General

The ClauseBase platform makes use of Large Language Models (LLMs) in many different contexts, which are described on the next page.

Service provider used: Microsoft (Azure) by default

ClauseBase currently uses GPT-4o as the default LLM, hosted by Microsoft Azure, except if:

the customer would opt for any optional alternative LLM vendor offered by ClauseBase, such as OpenAI, Noxtua, Mistral or Anthropic (Claude)
a customer would use his own key for any of the vendors

Microsoft is not in the business of developing of GPT, so can guarantee in very strong language that it does not reuse any customer data for improving either GPT or any of its own products, and does not share customer data with OpenAI. These confidentiality guarantees are similar to how Microsoft will never reuse a customer’s DOCX-files that are stored in its Office 365 cloud.

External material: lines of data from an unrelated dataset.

lemma V_le_L0F:
  assumes "0 \<le> t"
  shows "V t \<le> L0F N lam \<tau> \<psi> x v"
proof -
  have first_delay: "V s \<le> (2 * lam * \<tau> + 1) * exp (2 * lam * \<tau>) * V_init" if "0 \<le> s" "s \<le> \<tau>" for s
  proof -
    have "V s \<le> V_init * (2 * exp (lam * \<tau>) - 1)"
      using V_le_on_first_delay[OF that] by (simp add: algebra_simps)
    also have "\<dots> \<le> V_init * ((2 * (lam * \<tau>) + 1) * exp (2 * (lam * \<tau>)))"
      using V_init_nonneg lam tau by (intro mult_left_mono two_exp_minus_one_le) auto
    finally show ?thesis
      by (simp add: algebra_simps)
  qed
  have delay_term_nonneg: "0 \<le> 4 * \<tau> * lam ^ 3 * delay_dissipation \<tau>"
    using delay_dissipation_nonneg[of \<tau>] lam tau by simp
  consider "t \<le> \<tau>" | "\<tau> \<le> t"
    by linarith
  then show ?thesis
  proof cases
    case 1
    then show ?thesis
      using first_delay[OF assms] delay_term_nonneg unfolding L0F_eq by linarith
  next
    case 2
    have "V t \<le> lyapunov t"
      unfolding lyapunov_def using delay_dissipation_nonneg[OF 2] lam tau by simp
    also have "\<dots> \<le> lyapunov \<tau>"
      by (rule lyapunov_antimono[OF 2])
    also have "\<dots> \<le> L0F N lam \<tau> \<psi> x v"
      unfolding lyapunov_def L0F_eq using first_delay[of \<tau>] tau by simp
    finally show ?thesis .
  qed
qed

lemma velocity_diff_le:
  assumes "0 \<le> t" "i < N" "j < N"
  shows "norm (v i t - v j t) \<le> sqrt (2 * L0F N lam \<tau> \<psi> x v)"
proof (rule real_le_rsqrt)
  have "(norm (v i t - v j t))\<^sup>2 \<le> (\<Sum>j'<N. (norm (v i t - v j' t))\<^sup>2)"
    using assms by (intro member_le_sum) auto
  also have "\<dots> \<le> (\<Sum>i'<N. \<Sum>j'<N. (norm (v i' t - v j' t))\<^sup>2)"
    using assms by (intro member_le_sum[where f="\<lambda>i'. \<Sum>j'<N. (norm (v i' t - v j' t))\<^sup>2"] sum_nonneg) auto
  also have "\<dots> = 2 * V t"
    unfolding VF_def by simp
  also have "\<dots> \<le> 2 * L0F N lam \<tau> \<psi> x v"
    using V_le_L0F[OF assms(1)] by simp
  finally show "(norm (v i t - v j t))\<^sup>2 \<le> 2 * L0F N lam \<tau> \<psi> x v" .
qed

lemma position_diff_le:
  assumes "0 \<le> t" "i < N" "j < N"
  shows "norm (x i t - x j t) \<le> norm (x i 0 - x j 0) + sqrt (2 * L0F N lam \<tau> \<psi> x v) * t"
proof -
  let ?B = "sqrt (2 * L0F N lam \<tau> \<psi> x v)"
  have integral: "((\<lambda>s. v i s - v j s) has_integral (x i t - x j t) - (x i 0 - x j 0)) (cbox 0 t)"
    unfolding cbox_interval
  proof (rule fundamental_theorem_of_calculus_interior[OF \<open>0 \<le> t\<close>])
    show "continuous_on {0..t} (\<lambda>s. x i s - x j s)"
      using assms tau by (intro continuous_intros continuous_on_subset[OF cont_x]) auto
    show "\<And>s. s \<in> {0<..<t} \<Longrightarrow> ((\<lambda>s. x i s - x j s) has_vector_derivative v i s - v j s) (at s)"
      using assms by (intro has_vector_derivative_diff ode_x) auto
  qed
  have "0 \<le> ?B"
    using velocity_diff_le[OF assms] norm_ge_zero order_trans by blast
  moreover have "norm (v i s - v j s) \<le> ?B" if "s \<in> cbox 0 t" for s
    using that assms by (intro velocity_diff_le) auto
  ultimately have "norm ((x i t - x j t) - (x i 0 - x j 0)) \<le> ?B * t"
    using has_integral_bound[OF _ integral] assms by simp
  then show ?thesis
    using norm_triangle_sub[of "x i t - x j t" "x i 0 - x j 0"] by linarith
qed

lemma phiF_ge:
  assumes "0 \<le> t"
  shows "\<psi> (dXF N x 0 + sqrt (2 * L0F N lam \<tau> \<psi> x v) * t) \<le> phiF N \<psi> x t"
  unfolding phiF_def
proof (rule Min.boundedI[OF finite_pairs_lessThan])
  have "\<exists>i j. \<psi> (norm (x 0 t - x 0 t)) = \<psi> (norm (x i t - x j t)) \<and> i < N \<and> j < N"
    using N by (intro exI[of _ 0]) auto
  then show "{\<psi> (norm (x i t - x j t)) | i j. i < N \<and> j < N} \<noteq> {}"
    by blast
  fix a assume "a \<in> {\<psi> (norm (x i t - x j t)) | i j. i < N \<and> j < N}"
  then obtain i j where ij: "i < N" "j < N" and a: "a = \<psi> (norm (x i t - x j t))"
    by auto
  have "norm (x i 0 - x j 0) \<le> dXF N x 0"
    unfolding dXF_def using ij by (intro Max_ge finite_pairs_lessThan) auto
  then have "norm (x i t - x j t) \<le> dXF N x 0 + sqrt (2 * L0F N lam \<tau> \<psi> x v) * t"
    using position_diff_le[OF assms ij] by linarith
  then show "\<psi> (dXF N x 0 + sqrt (2 * L0F N lam \<tau> \<psi> x v) * t) \<le> a"
    unfolding a by (intro psi_antimono) auto
qed

end

theorem lemma3p8:
  fixes N :: nat and lam \<tau> :: real and \<psi> :: "real \<Rightarrow> real"
    and x v :: "nat \<Rightarrow> real \<Rightarrow> real^'d"
  assumes N: "N \<ge> 1"
    and lam: "lam > 0" and tau: "\<tau> > 0" and lt: "lam * \<tau> \<le> 1/2"
    and psi_pos: "\<And>r. r \<ge> 0 \<Longrightarrow> \<psi> r > 0"
    and psi_le1: "\<And>r. r \<ge> 0 \<Longrightarrow> \<psi> r \<le> 1"
    and psi_mono: "\<And>r s. 0 \<le> r \<Longrightarrow> r \<le> s \<Longrightarrow> \<psi> s \<le> \<psi> r"
    and psi_diff: "\<And>r. r \<ge> 0 \<Longrightarrow> \<psi> differentiable (at r within {0..})"
    and cont_x: "\<And>i. i < N \<Longrightarrow> continuous_on {-\<tau>..} (x i)"
    and cont_v: "\<And>i. i < N \<Longrightarrow> continuous_on {-\<tau>..} (v i)"
    and init_x: "\<And>i. i < N \<Longrightarrow> x i differentiable_on {-\<tau><..<0}"
    and init_v: "\<And>i. i < N \<Longrightarrow> v i differentiable_on {-\<tau><..<0}"
    and ode_x: "\<And>i t. i < N \<Longrightarrow> t > 0 \<Longrightarrow> (x i has_vector_derivative v i t) (at t)"
    and ode_v: "\<And>i t. i < N \<Longrightarrow> t > 0 \<Longrightarrow>
       (v i has_vector_derivative
          (lam / real N) *\<^sub>R (\<Sum>j<N. \<psi> (norm (x i (t - \<tau>) - x j (t - \<tau>))) *\<^sub>R
                                     (v j (t - \<tau>) - v i (t - \<tau>)))) (at t)"
  shows "\<forall>t > \<tau>. phiF N \<psi> x t \<ge> \<psi> (dXF N x 0 + sqrt (2 * L0F N lam \<tau> \<psi> x v) * t)"
proof -
  interpret delayed_cucker_smale N lam \<tau> \<psi> x v
  proof unfold_locales
    show "0 \<le> \<psi> r" if "0 \<le> r" for r
      using psi_pos[OF that] by simp
    show "continuous_on {0..} \<psi>"
      using psi_diff differentiable_imp_continuous_within by (auto simp: continuous_on_eq_continuous_within)
  qed (fact assms)+
  show ?thesis
    using phiF_ge tau by auto
qed

end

Moreover, since mid March 2025, ClauseBase was granted the abuse monitoring exception by Microsoft, meaning that Microsoft will not store any content submitted to the LLMs, not even for "abuse monitoring" (e.g., to check whether users are looking for tips to hide a body in their garden, or request recipes to build bombs).

Xayn offers very similar guarantees for its Noxtua LLM, which should not be surprising for an LLM created by, hosted in and targeted at Europe.

Similar guarantees — although less explicit than Microsoft and Xayn — are made by the optional vendors that the customer can choose:

LLM server locations

We currently make use of the following Microsoft Azure servers for GPT:

Sweden, for enterprise customers in Europe
France, for users in the United Kingdom, and for our non-enterprise customers in countries in Europe other than for Belgium, Germany & Switzerland
United States East, for our enterprise customers in the United States
Australia East, for enterprise customers in Australia

In Azure, we use the "Data Zone Standard" setting, so that it may happen that within the same big geographical zone, the server location gets dynamically rerouted, based on traffic consumption at Microsoft (so that, for example, the Swedish server gets used by users that would normally use France, in case of heavy traffic). To be clear: as explained by Microsoft, this setting doesn't allow data to go across boundaries of the large region, e.g. data from within Europe will remain in Europe, and data within the US will remain in the US.

Noxtua

Instead of Azure GPT4o, yYou can also opt for Noxtua Legal AI, Europe’s first sovereign Legal AI. Trained with legal texts labeled by experts, this sovereign European AI is specifically tailored to your needs as a law professional. This makes Noxtua your secure and independent European AI alternative.

Noxtua is operated by Xayn ,which hosts Noxtua on the Open Telekom Cloud in Germany.

Optional OpenAI

While Microsoft's version is technically almost identical to the one used by OpenAI, by default the ClauseBase platform does not make any use of OpenAI's services due to the poor confidentiality track record of OpenAI and our legal audience's concerns with respect to confidentiality.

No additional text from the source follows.